*** EXTRACTED RECORDS ***

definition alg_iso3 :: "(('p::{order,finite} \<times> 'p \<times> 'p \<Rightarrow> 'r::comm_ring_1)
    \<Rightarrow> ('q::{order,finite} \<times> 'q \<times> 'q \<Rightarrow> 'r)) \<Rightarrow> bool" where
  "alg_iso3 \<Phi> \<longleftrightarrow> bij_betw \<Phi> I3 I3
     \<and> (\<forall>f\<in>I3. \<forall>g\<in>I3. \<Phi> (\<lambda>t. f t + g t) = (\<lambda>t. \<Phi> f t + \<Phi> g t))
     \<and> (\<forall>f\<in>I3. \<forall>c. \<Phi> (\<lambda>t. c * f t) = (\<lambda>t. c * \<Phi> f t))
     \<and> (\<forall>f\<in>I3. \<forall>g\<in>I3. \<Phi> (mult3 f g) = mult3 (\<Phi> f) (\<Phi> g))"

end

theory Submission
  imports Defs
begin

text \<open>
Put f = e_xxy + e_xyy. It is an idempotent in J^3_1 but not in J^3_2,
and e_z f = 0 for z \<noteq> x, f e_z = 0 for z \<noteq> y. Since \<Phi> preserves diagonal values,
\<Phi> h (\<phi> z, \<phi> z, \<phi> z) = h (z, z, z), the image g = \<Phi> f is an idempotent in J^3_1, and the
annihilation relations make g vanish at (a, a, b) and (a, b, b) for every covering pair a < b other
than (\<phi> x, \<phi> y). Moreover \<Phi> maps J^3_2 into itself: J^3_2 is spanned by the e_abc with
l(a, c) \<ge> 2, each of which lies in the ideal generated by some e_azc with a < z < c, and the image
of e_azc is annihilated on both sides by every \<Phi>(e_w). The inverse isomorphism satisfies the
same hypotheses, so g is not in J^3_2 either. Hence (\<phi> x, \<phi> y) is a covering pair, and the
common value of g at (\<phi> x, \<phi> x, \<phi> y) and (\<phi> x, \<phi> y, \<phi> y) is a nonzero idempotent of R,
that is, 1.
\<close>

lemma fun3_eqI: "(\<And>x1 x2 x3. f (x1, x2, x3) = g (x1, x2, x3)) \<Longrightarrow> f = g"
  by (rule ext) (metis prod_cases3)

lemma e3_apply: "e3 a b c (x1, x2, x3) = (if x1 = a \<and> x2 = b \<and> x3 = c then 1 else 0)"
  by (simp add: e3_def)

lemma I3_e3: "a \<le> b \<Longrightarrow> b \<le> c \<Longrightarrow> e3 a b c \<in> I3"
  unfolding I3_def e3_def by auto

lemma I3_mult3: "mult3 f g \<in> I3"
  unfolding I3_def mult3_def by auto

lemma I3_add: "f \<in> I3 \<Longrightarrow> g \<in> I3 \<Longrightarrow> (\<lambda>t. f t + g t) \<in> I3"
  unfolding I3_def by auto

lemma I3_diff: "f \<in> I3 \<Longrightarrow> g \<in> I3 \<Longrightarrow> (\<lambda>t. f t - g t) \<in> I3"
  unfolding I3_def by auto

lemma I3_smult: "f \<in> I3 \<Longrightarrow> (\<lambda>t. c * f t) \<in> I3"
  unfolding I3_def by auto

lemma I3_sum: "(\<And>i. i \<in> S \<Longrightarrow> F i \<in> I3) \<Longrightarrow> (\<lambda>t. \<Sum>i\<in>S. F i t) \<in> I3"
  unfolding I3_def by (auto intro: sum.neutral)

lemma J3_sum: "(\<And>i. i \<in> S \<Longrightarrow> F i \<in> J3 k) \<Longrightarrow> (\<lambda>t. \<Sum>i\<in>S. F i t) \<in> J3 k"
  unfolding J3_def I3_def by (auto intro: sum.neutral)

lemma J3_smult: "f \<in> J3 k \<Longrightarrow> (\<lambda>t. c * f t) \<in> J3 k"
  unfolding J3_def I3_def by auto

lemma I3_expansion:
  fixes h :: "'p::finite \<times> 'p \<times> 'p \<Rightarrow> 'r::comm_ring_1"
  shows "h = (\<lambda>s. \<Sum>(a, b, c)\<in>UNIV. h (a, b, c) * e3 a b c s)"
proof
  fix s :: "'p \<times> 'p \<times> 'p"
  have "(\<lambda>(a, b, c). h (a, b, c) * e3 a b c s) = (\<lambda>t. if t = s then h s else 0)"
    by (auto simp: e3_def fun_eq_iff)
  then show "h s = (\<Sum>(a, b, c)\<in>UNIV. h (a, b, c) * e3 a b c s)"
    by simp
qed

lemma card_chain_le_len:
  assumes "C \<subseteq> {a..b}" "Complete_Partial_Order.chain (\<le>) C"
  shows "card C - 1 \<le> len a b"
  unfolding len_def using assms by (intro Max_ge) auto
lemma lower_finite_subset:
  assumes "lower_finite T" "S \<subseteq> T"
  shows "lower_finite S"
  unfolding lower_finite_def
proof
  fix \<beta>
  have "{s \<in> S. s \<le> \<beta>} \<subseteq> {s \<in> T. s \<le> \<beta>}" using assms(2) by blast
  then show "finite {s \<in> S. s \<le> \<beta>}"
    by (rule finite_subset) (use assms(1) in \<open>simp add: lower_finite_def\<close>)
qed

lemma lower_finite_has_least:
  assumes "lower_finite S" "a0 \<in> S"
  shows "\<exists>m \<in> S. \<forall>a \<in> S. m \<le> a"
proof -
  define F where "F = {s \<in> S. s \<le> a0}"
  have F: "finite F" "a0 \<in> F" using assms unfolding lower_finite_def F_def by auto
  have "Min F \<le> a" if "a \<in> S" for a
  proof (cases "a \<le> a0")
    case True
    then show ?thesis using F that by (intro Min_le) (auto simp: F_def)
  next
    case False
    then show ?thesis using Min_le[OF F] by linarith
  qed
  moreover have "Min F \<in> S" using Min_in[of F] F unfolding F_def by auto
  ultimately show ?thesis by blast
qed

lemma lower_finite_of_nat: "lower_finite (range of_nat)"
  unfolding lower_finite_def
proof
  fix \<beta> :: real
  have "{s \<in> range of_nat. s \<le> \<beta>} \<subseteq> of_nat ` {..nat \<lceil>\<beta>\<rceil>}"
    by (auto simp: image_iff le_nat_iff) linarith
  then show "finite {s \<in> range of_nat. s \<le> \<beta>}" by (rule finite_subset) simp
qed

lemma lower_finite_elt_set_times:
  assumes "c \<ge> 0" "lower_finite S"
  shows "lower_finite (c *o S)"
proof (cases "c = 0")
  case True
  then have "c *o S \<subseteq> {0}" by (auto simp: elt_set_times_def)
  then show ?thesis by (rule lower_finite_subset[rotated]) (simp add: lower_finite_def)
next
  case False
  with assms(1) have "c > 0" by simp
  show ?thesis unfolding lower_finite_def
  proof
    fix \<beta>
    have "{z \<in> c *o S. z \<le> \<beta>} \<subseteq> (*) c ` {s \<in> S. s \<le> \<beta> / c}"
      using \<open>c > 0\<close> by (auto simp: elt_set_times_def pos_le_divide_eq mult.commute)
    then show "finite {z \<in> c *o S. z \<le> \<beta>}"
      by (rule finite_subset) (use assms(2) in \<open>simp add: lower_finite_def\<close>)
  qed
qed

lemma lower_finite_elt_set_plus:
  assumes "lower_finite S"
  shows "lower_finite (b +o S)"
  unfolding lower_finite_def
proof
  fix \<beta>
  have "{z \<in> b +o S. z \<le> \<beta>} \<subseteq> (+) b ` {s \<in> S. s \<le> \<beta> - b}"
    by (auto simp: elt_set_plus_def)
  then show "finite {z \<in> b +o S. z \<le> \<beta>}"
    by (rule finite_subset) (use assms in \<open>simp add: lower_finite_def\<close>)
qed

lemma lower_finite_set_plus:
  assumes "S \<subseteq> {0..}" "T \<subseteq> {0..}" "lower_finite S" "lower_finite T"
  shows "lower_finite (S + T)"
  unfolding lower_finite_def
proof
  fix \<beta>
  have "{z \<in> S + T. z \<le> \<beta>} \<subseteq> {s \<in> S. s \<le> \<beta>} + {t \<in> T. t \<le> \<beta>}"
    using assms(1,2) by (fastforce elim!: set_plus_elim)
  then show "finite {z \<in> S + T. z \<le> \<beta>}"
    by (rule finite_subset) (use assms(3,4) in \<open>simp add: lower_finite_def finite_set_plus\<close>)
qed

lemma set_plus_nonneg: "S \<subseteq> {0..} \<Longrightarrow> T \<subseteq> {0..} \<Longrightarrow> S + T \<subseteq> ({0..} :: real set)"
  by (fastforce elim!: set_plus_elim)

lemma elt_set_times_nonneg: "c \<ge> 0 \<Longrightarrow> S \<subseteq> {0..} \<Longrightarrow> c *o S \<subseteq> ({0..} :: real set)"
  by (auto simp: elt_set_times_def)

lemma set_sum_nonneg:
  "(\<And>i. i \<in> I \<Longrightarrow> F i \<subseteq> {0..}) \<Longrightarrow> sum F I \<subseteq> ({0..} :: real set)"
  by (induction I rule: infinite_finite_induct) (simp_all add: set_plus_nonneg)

*** End of EXTRACTED RECORDS ***

→ **TASK**
Copy out every line from the data above in which the word "that" occurs.

→ **RESPONSE**
that is, 1.
    then show ?thesis using F that by (intro Min_le) (auto simp: F_def)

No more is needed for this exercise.